(* Let $\mathcal{A}$ be a Banach algebra such that $\mathcal{A}^*$ factors on the left, i.e. $\mathcal{A}^*=\{a'a: a'\in\mathcal{A}^*,a\in\mathcal{A}\}$. Then $a\cdot a''\in Z_1(\mathcal{A}^{**})$ for all $a\in\mathcal{A}$, $a''\in\mathcal{A}^{**}$ if and only if $\mathcal{A}$ is Arens regular.
   Context: For $a,b\in\mathcal{A}$, $a'\in\mathcal{A}^*$, $a'',b''\in\mathcal{A}^{**}$: $\langle a'a,b\rangle=\langle a',ab\rangle$, $\langle b''a',a\rangle=\langle b'',a'a\rangle$, and the first Arens product is $\langle a''\cdot b'',a'\rangle=\langle a'',b''a'\rangle$. The second Arens product is given by $\langle a\circ a',b\rangle=\langle a',ba\rangle$, $\langle a'\circ a'',a\rangle=\langle a'',a\circ a'\rangle$, $\langle a''\circ b'',a'\rangle=\langle b'',a'\circ a''\rangle$. $Z_1(\mathcal{A}^{**})=\{a''\in\mathcal{A}^{**}: b''\mapsto a''\cdot b''\text{ is weak}^*\text{-to-weak}^*\text{ continuous}\}$. $\mathcal{A}$ is Arens regular if the two Arens products coincide on $\mathcal{A}^{**}$ (equivalently $Z_1(\mathcal{A}^{**})=\mathcal{A}^{**}$). *)

theory Defs
  imports "HOL-Analysis.Analysis"
begin

text \<open>Banach algebra A: type 'a :: {real_normed_algebra, banach} (associative, not necessarily
unital). Dual A* = 'a \<Rightarrow>L real, bidual A** = ('a \<Rightarrow>L real) \<Rightarrow>L real.\<close>

type_synonym 'a dual = "'a \<Rightarrow>\<^sub>L real"
type_synonym 'a bidual = "('a \<Rightarrow>\<^sub>L real) \<Rightarrow>\<^sub>L real"

definition dual_ract :: "'a::real_normed_algebra dual \<Rightarrow> 'a \<Rightarrow> 'a dual"
  where "dual_ract f a = Blinfun (\<lambda>b. f (a * b))"

definition bidual_lact :: "'a::real_normed_algebra bidual \<Rightarrow> 'a dual \<Rightarrow> 'a dual"
  where "bidual_lact G f = Blinfun (\<lambda>a. G (dual_ract f a))"

definition arens1 :: "'a::real_normed_algebra bidual \<Rightarrow> 'a bidual \<Rightarrow> 'a bidual"
  where "arens1 F G = Blinfun (\<lambda>f. F (bidual_lact G f))"

definition dual_lact :: "'a::real_normed_algebra \<Rightarrow> 'a dual \<Rightarrow> 'a dual"
  where "dual_lact a f = Blinfun (\<lambda>b. f (b * a))"

definition bidual_ract :: "'a::real_normed_algebra dual \<Rightarrow> 'a bidual \<Rightarrow> 'a dual"
  where "bidual_ract f F = Blinfun (\<lambda>a. F (dual_lact a f))"

definition arens2 :: "'a::real_normed_algebra bidual \<Rightarrow> 'a bidual \<Rightarrow> 'a bidual"
  where "arens2 F G = Blinfun (\<lambda>f. G (bidual_ract f F))"

definition canon :: "'a::real_normed_vector \<Rightarrow> 'a bidual"
  where "canon a = Blinfun (\<lambda>f::'a \<Rightarrow>\<^sub>L real. blinfun_apply f a)"

definition weak_star :: "('b::real_normed_vector \<Rightarrow>\<^sub>L real) topology"
  where "weak_star = pullback_topology UNIV blinfun_apply
                        (product_topology (\<lambda>_. euclidean) UNIV)"

definition Z1 :: "'a::real_normed_algebra bidual set"
  where "Z1 = {F. continuous_map weak_star weak_star (\<lambda>G. arens1 F G)}"

definition arens_regular :: "'a::real_normed_algebra itself \<Rightarrow> bool"
  where "arens_regular _ \<longleftrightarrow> (\<forall>F G :: 'a bidual. arens1 F G = arens2 F G)"

definition dual_factors_left :: "'a::real_normed_algebra itself \<Rightarrow> bool"
  where "dual_factors_left _ \<longleftrightarrow> (\<forall>h :: 'a dual. \<exists>f a. h = dual_ract f a)"

end

theory Submission
  imports Defs
begin

text \<open>An element F of the bidual lies in Z1 iff F\<cdot>G = F\<circ>G for all G: the functional
G \<mapsto> (F\<cdot>G)(h) is linear and weak*-continuous, hence evaluation at some \<phi> \<in> A*, and
testing it on A \<subseteq> A** identifies \<phi> with h\<circ>F. If every h factors as h'a, then
(F\<cdot>G)(h'a) = ((a\<cdot>F)\<cdot>G)(h') and (F\<circ>G)(h'a) = ((a\<cdot>F)\<circ>G)(h'), so the two Arens products
agree as soon as all a\<cdot>F lie in Z1.\<close>

lemma bounded_linear_Blinfun_bilinear:
  assumes "bounded_bilinear h"
  shows "bounded_linear (\<lambda>x. Blinfun (h x))"
proof -
  have "(\<lambda>x y. blinfun_apply (Blinfun (h x)) y) = h"
    using bounded_bilinear.bounded_linear_right[OF assms] by (simp add: bounded_linear_Blinfun_apply)
  with assms show ?thesis
    using transfer_bounded_bilinear_bounded_linearI by metis
qed

lemma bounded_bilinear_linear_compose:
  assumes "bounded_linear g" "bounded_bilinear h"
  shows "bounded_bilinear (\<lambda>x y. g (h x y))"
proof -
  have "bounded_linear (\<lambda>x. Blinfun g o\<^sub>L Blinfun (h x))"
    using bounded_linear_Blinfun_bilinear[OF assms(2)]
    by (intro bounded_linear_compose[OF bounded_bilinear.bounded_linear_right[OF bounded_bilinear_blinfun_compose]])
  moreover have "(\<lambda>x y. blinfun_apply (Blinfun g o\<^sub>L Blinfun (h x)) y) = (\<lambda>x y. g (h x y))"
    using assms bounded_bilinear.bounded_linear_right[OF assms(2)] by (simp add: bounded_linear_Blinfun_apply)
  ultimately show ?thesis
    using transfer_bounded_bilinear_bounded_linearI by metis
qed

lemma dual_ract_eq_compose: "dual_ract f a = f o\<^sub>L blinfun_mult_right a"
proof -
  have "(\<lambda>b. f (a * b)) = blinfun_apply (f o\<^sub>L blinfun_mult_right a)"
    by (simp add: fun_eq_iff)
  then show ?thesis
    unfolding dual_ract_def by (simp add: blinfun_apply_inverse)
qed

lemma dual_lact_eq_compose: "dual_lact a f = f o\<^sub>L blinfun_mult_left a"
proof -
  have "(\<lambda>b. f (b * a)) = blinfun_apply (f o\<^sub>L blinfun_mult_left a)"
    by (simp add: fun_eq_iff)
  then show ?thesis
    unfolding dual_lact_def by (simp add: blinfun_apply_inverse)
qed

lemma bounded_bilinear_dual_ract: "bounded_bilinear dual_ract"
  unfolding dual_ract_eq_compose[abs_def]
  by (rule bounded_bilinear.comp[OF bounded_bilinear_blinfun_compose bounded_linear_ident bounded_linear_blinfun_mult_right])

lemma bounded_bilinear_dual_lact: "bounded_bilinear dual_lact"
  unfolding dual_lact_eq_compose[abs_def]
  by (rule bounded_bilinear.flip[OF bounded_bilinear.comp[OF bounded_bilinear_blinfun_compose bounded_linear_ident bounded_linear_blinfun_mult_left]])

lemma dual_ract_apply [simp]: "dual_ract f a b = f (a * b)"
  by (simp add: dual_ract_eq_compose)

lemma dual_lact_apply [simp]: "dual_lact a f b = f (b * a)"
  by (simp add: dual_lact_eq_compose)

lemma bidual_lact_apply [simp]: "bidual_lact G f a = G (dual_ract f a)"
  unfolding bidual_lact_def
  by (simp add: bounded_linear_Blinfun_apply bounded_linear_compose[OF blinfun.bounded_linear_right bounded_bilinear.bounded_linear_right[OF bounded_bilinear_dual_ract]])

lemma bidual_ract_apply [simp]: "bidual_ract f F a = F (dual_lact a f)"
  unfolding bidual_ract_def
  by (simp add: bounded_linear_Blinfun_apply bounded_linear_compose[OF blinfun.bounded_linear_right bounded_bilinear.bounded_linear_left[OF bounded_bilinear_dual_lact]])

lemma arens1_apply [simp]: "arens1 F G f = F (bidual_lact G f)"
proof -
  have "bounded_linear (\<lambda>f. bidual_lact G f)"
    unfolding bidual_lact_def
    by (intro bounded_linear_Blinfun_bilinear bounded_bilinear_linear_compose[OF blinfun.bounded_linear_right bounded_bilinear_dual_ract])
  then show ?thesis
    unfolding arens1_def by (simp add: bounded_linear_Blinfun_apply bounded_linear_compose[OF blinfun.bounded_linear_right])
qed

lemma arens2_apply [simp]: "arens2 F G f = G (bidual_ract f F)"
proof -
  have "bounded_linear (\<lambda>f. bidual_ract f F)"
    unfolding bidual_ract_def
    by (intro bounded_linear_Blinfun_bilinear bounded_bilinear_linear_compose[OF blinfun.bounded_linear_right bounded_bilinear.flip[OF bounded_bilinear_dual_lact]])
  then show ?thesis
    unfolding arens2_def by (simp add: bounded_linear_Blinfun_apply bounded_linear_compose[OF blinfun.bounded_linear_right])
qed

lemma canon_apply [simp]: "canon a f = f a"
  unfolding canon_def by (simp add: bounded_linear_Blinfun_apply)

lemma linear_functional_eq_sum_if_kernels:
  fixes g :: "'v::real_vector \<Rightarrow> real" and f :: "'i \<Rightarrow> 'v \<Rightarrow> real"
  assumes "finite I" "linear g" "\<And>i. i \<in> I \<Longrightarrow> linear (f i)"
    and "\<And>x. (\<forall>i\<in>I. f i x = 0) \<Longrightarrow> g x = 0"
  shows "\<exists>c. \<forall>x. g x = (\<Sum>i\<in>I. c i * f i x)"
  using assms
proof (induction I arbitrary: g rule: finite_induct)
  case empty
  then show ?case by auto
next
  case (insert j I)
  have sum_upd: "(\<Sum>i\<in>insert j I. (c(j := k)) i * f i x) = k * f j x + (\<Sum>i\<in>I. c i * f i x)"
    for c k x
    using insert.hyps by (simp add: sum.insert) (intro sum.cong; auto)
  show ?case
  proof (cases "\<exists>x0. (\<forall>i\<in>I. f i x0 = 0) \<and> f j x0 \<noteq> 0")
    case False
    then obtain c where c: "\<forall>x. g x = (\<Sum>i\<in>I. c i * f i x)"
      using insert.IH insert.prems by force
    then have "\<forall>x. g x = (\<Sum>i\<in>insert j I. (c(j := 0)) i * f i x)"
      using sum_upd[of c 0] by simp
    then show ?thesis by blast
  next
    case True
    then obtain x0 where x0: "\<forall>i\<in>I. f i x0 = 0" "f j x0 \<noteq> 0" by blast
    define k where "k = g x0 / f j x0"
    have lin_j: "linear (f j)" using insert.prems by simp
    have "linear (\<lambda>x. g x - k * f j x)"
      using insert.prems(1) lin_j by (simp add: linear_iff algebra_simps)
    moreover have "g x - k * f j x = 0" if "\<forall>i\<in>I. f i x = 0" for x
    proof -
      \<comment> \<open>Project x along x0 into the common kernel of all f i, i \<in> insert j I.\<close>
      define y where "y = x - (f j x / f j x0) *\<^sub>R x0"
      have "f i y = 0" if "i \<in> insert j I" for i
        using that insert.prems(2) \<open>\<forall>i\<in>I. f i x = 0\<close> x0
        by (auto simp: y_def linear_diff linear_scale)
      then have "g y = 0" using insert.prems(3) by blast
      then show ?thesis
        using insert.prems(1) by (simp add: y_def linear_diff linear_scale k_def)
    qed
    ultimately obtain c where c: "\<forall>x. g x - k * f j x = (\<Sum>i\<in>I. c i * f i x)"
      using insert.IH insert.prems by force
    then have "\<forall>x. g x = (\<Sum>i\<in>insert j I. (c(j := k)) i * f i x)"
      by (simp only: sum_upd) (metis add.commute diff_add_cancel)
    then show ?thesis by blast
  qed
qed

lemma topspace_weak_star [simp]: "topspace weak_star = UNIV"
  unfolding weak_star_def by (simp add: topspace_pullback_topology)

lemma continuous_map_weak_star_eval: "continuous_map weak_star euclidean (\<lambda>G. G f)"
proof -
  have "continuous_map weak_star euclidean ((\<lambda>p. p f) \<circ> blinfun_apply)"
    unfolding weak_star_def
    by (intro continuous_map_pullback continuous_map_product_projection) simp
  then show ?thesis by (simp add: o_def)
qed

lemma continuous_map_weak_star_iff:
  "continuous_map X weak_star \<phi> \<longleftrightarrow> (\<forall>f. continuous_map X euclidean (\<lambda>x. \<phi> x f))"
proof
  assume "continuous_map X weak_star \<phi>"
  then show "\<forall>f. continuous_map X euclidean (\<lambda>x. \<phi> x f)"
    using continuous_map_compose[OF _ continuous_map_weak_star_eval] by (auto simp: o_def)
next
  assume "\<forall>f. continuous_map X euclidean (\<lambda>x. \<phi> x f)"
  then show "continuous_map X weak_star \<phi>"
    unfolding weak_star_def
    by (intro continuous_map_pullback') (auto simp: continuous_map_componentwise_UNIV o_def)
qed

lemma weak_star_continuous_linear_kernel:
  fixes L :: "('b::real_normed_vector \<Rightarrow>\<^sub>L real) \<Rightarrow> real"
  assumes cont: "continuous_map weak_star euclidean L" and lin: "linear L"
  obtains I where "finite I" "\<And>G. (\<forall>f\<in>I. blinfun_apply G f = 0) \<Longrightarrow> L G = 0"
proof -
  have "openin weak_star {G. L G \<in> {-1<..<1}}"
    using openin_continuous_map_preimage[OF cont, of "{-1<..<1}"] by simp
  then obtain U where U: "openin (product_topology (\<lambda>_. euclidean) UNIV) U"
      and L_U: "{G. L G \<in> {-1<..<1}} = blinfun_apply -` U"
    unfolding weak_star_def openin_pullback_topology by auto
  have "blinfun_apply 0 \<in> U"
    using L_U linear_0[OF lin] by auto
  then obtain V where V: "finite {f. V f \<noteq> UNIV}" "blinfun_apply 0 \<in> Pi\<^sub>E UNIV V"
      "Pi\<^sub>E UNIV V \<subseteq> U"
    using U unfolding openin_product_topology_alt by force
  show thesis
  proof (rule that[OF V(1)])
    fix G :: "'b \<Rightarrow>\<^sub>L real"
    assume G: "\<forall>f\<in>{f. V f \<noteq> UNIV}. G f = 0"
    \<comment> \<open>The whole line through G lies in the basic neighbourhood, so L is bounded on it.\<close>
    have "blinfun_apply (t *\<^sub>R G) f \<in> V f" for t f
      using G V(2) by (cases "V f = UNIV") (simp_all add: PiE_iff scaleR_blinfun.rep_eq)
    then have "blinfun_apply (t *\<^sub>R G) \<in> Pi\<^sub>E UNIV V" for t
      by (simp add: PiE_iff)
    then have "L (t *\<^sub>R G) \<in> {-1<..<1}" for t
      using V(3) L_U by blast
    then have "\<bar>t * L G\<bar> < 1" for t
      by (simp add: linear_scale[OF lin] abs_less_iff)
    from this[of "2 / L G"] show "L G = 0"
      by (cases "L G = 0") auto
  qed
qed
====================
_EXERCISE DETAILS_:
Your task is to gather all lines from the entries above that hold the word "ultimately".

_RESPONSE AREA_:
  ultimately show ?thesis
    ultimately obtain c where c: "\<forall>x. g x - k * f j x = (\<Sum>i\<in>I. c i * f i x)"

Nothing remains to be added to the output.